- [Activity]
Look at the entries below and restate word for word the lines from the first through the one that has "define e where".

- [Information]
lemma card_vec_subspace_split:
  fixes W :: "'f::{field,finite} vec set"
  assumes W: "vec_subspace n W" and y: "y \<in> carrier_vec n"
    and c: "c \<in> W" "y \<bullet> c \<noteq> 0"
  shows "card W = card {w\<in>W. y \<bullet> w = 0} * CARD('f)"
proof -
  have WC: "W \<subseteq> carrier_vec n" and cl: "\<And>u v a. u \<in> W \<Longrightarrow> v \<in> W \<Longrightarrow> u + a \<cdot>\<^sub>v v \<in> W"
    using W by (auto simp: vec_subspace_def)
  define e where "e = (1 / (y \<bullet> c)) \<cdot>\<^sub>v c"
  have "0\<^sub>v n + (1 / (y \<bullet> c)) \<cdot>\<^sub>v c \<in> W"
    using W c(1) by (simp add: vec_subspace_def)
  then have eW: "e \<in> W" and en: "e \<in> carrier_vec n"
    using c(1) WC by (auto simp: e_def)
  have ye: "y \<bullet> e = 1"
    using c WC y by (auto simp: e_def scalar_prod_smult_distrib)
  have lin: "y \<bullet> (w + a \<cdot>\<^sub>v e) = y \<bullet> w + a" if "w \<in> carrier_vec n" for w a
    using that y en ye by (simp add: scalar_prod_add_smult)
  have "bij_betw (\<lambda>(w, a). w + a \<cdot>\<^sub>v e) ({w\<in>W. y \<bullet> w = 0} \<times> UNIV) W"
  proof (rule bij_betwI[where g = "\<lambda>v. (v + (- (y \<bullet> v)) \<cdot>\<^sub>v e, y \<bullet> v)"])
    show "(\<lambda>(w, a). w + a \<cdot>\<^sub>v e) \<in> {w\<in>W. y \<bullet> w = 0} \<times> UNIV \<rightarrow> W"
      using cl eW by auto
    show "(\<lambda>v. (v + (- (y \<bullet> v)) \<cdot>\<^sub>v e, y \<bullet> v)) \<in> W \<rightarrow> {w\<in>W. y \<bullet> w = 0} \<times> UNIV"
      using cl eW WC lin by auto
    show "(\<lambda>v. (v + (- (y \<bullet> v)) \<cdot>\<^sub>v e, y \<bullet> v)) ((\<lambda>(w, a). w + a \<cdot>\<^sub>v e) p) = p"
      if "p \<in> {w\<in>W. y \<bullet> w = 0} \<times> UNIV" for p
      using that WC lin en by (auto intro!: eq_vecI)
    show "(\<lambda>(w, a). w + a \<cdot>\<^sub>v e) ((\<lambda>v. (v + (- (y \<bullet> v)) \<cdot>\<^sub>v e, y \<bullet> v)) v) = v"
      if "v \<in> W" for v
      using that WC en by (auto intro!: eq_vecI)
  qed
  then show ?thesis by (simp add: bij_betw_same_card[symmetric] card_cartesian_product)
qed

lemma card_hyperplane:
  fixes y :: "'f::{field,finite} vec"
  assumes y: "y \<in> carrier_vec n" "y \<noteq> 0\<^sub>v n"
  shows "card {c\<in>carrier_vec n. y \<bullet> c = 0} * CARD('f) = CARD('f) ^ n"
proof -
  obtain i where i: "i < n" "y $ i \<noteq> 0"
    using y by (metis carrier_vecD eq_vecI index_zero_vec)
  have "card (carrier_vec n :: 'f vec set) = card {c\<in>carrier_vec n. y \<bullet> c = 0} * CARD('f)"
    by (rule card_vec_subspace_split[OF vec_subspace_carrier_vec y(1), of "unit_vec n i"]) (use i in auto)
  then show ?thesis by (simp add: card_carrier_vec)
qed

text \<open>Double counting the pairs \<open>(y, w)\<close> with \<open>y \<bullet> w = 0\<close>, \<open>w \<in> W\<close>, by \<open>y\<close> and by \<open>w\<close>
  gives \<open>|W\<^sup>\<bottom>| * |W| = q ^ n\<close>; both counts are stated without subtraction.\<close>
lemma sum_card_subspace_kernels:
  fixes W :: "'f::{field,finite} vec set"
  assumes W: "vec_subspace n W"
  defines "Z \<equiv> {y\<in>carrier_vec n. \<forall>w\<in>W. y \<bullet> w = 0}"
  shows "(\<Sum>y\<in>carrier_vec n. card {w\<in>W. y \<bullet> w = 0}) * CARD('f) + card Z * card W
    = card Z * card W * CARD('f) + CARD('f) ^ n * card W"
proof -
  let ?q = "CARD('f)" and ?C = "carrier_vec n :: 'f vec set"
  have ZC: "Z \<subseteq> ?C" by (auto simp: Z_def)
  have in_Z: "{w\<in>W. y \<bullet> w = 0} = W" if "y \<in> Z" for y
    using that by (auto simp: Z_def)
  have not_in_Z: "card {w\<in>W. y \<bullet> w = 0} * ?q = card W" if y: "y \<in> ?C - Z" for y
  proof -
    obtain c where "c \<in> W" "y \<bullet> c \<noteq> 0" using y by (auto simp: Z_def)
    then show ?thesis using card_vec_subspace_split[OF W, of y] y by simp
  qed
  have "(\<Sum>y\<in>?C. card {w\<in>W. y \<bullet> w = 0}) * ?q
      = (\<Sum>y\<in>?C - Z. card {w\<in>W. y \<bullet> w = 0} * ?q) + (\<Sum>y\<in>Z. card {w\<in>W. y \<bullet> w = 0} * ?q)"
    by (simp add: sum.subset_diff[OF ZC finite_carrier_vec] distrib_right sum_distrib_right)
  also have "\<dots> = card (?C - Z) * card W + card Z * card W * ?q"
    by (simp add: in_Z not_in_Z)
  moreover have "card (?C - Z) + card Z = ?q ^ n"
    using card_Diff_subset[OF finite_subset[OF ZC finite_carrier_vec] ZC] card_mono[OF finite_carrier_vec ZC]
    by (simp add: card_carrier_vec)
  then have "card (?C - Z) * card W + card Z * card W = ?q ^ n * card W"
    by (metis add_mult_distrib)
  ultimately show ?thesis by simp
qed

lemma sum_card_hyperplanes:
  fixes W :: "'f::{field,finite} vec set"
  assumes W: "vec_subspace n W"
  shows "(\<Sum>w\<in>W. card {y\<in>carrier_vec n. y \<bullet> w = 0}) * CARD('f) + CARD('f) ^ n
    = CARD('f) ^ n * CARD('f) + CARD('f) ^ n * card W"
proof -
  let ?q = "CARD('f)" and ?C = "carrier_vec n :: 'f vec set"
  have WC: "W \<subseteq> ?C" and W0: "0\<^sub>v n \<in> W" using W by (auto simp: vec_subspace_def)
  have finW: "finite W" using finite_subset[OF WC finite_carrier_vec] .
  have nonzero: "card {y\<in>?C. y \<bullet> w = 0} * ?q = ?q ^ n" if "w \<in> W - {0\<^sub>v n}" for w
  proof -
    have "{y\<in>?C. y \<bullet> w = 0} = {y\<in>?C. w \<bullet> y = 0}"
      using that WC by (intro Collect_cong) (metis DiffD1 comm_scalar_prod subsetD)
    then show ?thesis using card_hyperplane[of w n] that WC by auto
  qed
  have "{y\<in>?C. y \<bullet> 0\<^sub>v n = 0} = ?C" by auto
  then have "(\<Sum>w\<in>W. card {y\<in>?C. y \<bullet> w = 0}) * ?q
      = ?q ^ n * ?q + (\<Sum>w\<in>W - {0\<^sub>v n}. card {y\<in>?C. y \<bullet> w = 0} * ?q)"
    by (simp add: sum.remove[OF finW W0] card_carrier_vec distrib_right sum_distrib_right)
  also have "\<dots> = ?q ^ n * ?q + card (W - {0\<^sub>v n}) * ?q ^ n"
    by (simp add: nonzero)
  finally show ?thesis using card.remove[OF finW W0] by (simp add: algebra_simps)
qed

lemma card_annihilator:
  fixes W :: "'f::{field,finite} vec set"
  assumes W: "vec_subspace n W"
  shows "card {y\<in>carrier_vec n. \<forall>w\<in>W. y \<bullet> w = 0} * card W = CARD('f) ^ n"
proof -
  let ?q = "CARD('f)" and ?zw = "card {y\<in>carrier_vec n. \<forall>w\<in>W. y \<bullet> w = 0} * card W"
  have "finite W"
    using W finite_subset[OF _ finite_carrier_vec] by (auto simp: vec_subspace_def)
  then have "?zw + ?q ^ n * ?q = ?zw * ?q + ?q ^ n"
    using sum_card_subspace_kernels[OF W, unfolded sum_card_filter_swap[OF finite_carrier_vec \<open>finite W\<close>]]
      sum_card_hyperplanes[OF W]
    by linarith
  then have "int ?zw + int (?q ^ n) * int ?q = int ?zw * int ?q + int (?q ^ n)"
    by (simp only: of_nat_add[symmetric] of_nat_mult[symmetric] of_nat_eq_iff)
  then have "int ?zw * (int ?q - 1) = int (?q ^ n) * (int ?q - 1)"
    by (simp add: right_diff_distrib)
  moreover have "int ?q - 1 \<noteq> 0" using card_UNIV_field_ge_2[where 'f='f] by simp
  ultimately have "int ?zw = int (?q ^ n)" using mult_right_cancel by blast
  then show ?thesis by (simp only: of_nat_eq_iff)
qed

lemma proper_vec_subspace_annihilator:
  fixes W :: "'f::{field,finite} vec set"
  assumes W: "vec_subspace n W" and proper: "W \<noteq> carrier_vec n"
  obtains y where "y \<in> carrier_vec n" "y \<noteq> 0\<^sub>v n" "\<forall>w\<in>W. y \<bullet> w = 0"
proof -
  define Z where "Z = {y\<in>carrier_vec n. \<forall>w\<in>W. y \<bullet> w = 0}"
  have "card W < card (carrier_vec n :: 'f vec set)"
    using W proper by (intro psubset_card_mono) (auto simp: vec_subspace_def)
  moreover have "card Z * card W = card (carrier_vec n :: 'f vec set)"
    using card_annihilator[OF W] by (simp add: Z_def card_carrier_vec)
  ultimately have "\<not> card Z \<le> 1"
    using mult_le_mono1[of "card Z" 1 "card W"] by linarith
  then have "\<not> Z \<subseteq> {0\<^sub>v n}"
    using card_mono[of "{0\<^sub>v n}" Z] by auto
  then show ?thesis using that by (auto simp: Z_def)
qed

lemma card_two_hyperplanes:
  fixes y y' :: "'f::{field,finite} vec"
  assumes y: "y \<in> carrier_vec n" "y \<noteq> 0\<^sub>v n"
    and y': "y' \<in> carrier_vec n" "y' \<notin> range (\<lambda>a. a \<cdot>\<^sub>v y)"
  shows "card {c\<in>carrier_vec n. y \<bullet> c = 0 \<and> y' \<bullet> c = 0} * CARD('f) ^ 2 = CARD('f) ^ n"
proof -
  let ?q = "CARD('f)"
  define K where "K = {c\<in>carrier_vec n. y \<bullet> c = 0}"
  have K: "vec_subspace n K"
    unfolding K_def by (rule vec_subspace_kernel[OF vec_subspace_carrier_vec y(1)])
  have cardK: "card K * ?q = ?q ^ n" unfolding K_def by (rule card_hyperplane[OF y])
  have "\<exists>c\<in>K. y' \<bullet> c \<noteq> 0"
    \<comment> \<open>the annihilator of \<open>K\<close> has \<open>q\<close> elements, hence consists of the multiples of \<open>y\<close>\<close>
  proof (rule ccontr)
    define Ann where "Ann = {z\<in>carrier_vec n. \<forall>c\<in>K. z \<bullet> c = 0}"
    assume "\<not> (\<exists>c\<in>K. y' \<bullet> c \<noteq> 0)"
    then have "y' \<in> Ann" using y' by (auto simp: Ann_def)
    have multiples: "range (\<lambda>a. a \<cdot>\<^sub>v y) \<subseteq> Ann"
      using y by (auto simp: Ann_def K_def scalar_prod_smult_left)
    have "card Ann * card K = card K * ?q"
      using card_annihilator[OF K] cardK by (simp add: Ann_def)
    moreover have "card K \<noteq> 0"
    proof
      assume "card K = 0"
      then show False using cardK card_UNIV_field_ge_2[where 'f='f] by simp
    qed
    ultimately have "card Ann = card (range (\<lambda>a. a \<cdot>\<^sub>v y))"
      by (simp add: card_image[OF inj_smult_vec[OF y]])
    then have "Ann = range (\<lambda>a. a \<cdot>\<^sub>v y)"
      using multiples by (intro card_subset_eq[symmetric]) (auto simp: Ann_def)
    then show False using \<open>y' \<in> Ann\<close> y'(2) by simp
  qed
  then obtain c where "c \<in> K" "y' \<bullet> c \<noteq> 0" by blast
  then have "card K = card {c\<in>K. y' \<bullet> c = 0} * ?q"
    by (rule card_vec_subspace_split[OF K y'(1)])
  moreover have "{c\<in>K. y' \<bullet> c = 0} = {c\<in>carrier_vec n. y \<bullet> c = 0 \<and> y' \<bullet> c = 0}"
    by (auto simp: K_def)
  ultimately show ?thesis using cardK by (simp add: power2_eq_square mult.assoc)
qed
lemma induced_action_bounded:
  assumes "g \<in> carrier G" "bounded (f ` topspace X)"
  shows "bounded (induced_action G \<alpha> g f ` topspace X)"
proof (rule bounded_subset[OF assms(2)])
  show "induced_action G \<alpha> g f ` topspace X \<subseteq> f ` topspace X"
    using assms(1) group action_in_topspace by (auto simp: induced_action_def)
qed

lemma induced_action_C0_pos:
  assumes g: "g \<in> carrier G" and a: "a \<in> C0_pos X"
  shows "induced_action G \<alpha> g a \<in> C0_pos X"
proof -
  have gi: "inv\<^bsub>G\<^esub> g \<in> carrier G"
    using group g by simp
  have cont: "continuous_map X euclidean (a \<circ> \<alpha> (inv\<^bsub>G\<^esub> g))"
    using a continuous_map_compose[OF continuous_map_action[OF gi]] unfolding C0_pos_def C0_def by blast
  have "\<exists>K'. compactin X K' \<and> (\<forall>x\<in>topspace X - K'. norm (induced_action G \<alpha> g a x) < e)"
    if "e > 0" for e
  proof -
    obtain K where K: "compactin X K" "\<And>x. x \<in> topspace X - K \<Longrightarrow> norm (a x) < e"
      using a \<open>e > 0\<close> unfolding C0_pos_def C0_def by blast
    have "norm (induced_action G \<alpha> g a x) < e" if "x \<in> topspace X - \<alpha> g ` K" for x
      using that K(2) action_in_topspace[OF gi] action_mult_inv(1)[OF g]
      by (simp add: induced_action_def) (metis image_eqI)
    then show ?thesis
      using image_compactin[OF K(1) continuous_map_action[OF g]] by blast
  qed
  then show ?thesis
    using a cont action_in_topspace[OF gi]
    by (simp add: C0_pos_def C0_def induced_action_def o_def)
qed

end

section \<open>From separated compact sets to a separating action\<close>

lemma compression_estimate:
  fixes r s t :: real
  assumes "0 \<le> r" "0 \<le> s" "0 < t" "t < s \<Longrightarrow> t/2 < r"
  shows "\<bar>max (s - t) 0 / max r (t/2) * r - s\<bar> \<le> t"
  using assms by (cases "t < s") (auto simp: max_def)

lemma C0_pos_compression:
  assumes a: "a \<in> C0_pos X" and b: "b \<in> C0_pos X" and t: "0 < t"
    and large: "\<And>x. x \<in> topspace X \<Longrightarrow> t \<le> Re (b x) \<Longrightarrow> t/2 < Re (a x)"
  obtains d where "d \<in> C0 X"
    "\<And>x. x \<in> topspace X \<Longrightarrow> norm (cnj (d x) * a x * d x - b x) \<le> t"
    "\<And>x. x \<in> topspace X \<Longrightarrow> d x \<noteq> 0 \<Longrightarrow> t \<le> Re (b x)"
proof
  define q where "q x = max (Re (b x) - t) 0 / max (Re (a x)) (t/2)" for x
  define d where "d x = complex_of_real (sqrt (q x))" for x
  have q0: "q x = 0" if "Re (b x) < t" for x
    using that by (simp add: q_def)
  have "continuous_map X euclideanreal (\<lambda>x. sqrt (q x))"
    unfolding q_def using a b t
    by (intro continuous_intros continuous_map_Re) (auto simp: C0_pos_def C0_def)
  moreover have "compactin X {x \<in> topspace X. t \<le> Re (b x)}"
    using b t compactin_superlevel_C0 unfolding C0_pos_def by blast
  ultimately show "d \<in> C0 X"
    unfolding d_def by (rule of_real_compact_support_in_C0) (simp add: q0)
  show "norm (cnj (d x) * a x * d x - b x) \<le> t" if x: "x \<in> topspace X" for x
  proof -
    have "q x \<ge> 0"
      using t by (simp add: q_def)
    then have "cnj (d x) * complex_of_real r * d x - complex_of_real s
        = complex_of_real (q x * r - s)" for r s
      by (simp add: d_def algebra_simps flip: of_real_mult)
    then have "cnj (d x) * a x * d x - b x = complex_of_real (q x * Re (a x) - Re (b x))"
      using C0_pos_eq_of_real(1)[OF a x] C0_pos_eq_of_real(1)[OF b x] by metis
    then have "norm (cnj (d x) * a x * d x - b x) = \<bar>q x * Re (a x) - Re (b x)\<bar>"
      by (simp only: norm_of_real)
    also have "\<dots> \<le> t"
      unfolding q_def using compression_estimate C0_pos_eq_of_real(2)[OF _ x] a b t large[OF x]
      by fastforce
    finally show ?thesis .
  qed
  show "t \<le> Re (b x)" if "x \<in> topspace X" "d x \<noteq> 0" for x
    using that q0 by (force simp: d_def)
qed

- [Finished exercise]
lemma card_vec_subspace_split:
  fixes W :: "'f::{field,finite} vec set"
  assumes W: "vec_subspace n W" and y: "y \<in> carrier_vec n"
    and c: "c \<in> W" "y \<bullet> c \<noteq> 0"
  shows "card W = card {w\<in>W. y \<bullet> w = 0} * CARD('f)"
proof -
  have WC: "W \<subseteq> carrier_vec n" and cl: "\<And>u v a. u \<in> W \<Longrightarrow> v \<in> W \<Longrightarrow> u + a \<cdot>\<^sub>v v \<in> W"
    using W by (auto simp: vec_subspace_def)
  define e where "e = (1 / (y \<bullet> c)) \<cdot>\<^sub>v c"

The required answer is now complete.